- _Task description_: Give back exactly the lines running from the line with "by (simp add: pairing_tensor_sum_def" to the end of the entries, and only those lines.

- _Data provided_:
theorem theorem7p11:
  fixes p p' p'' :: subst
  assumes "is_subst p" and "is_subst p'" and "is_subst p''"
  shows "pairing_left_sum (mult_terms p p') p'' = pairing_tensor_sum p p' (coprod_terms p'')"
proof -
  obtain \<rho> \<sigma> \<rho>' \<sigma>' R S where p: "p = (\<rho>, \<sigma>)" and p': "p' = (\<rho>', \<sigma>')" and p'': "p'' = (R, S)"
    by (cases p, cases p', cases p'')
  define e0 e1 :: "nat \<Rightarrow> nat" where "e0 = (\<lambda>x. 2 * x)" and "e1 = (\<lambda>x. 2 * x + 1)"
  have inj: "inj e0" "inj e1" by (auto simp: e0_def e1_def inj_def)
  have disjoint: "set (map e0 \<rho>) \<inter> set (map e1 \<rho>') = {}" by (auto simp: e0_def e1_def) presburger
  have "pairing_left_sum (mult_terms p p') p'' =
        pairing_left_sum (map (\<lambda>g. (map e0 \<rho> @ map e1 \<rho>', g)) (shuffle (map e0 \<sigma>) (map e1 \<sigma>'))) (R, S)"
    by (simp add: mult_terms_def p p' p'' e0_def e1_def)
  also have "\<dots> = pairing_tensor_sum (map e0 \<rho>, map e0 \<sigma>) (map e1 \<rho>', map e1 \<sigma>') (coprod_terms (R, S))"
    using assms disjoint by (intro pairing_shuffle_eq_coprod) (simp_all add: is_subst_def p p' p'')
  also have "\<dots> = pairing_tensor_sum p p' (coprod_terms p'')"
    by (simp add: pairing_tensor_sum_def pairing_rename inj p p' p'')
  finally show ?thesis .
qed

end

- _Task result_:
    by (simp add: pairing_tensor_sum_def pairing_rename inj p p' p'')
  finally show ?thesis .
qed

end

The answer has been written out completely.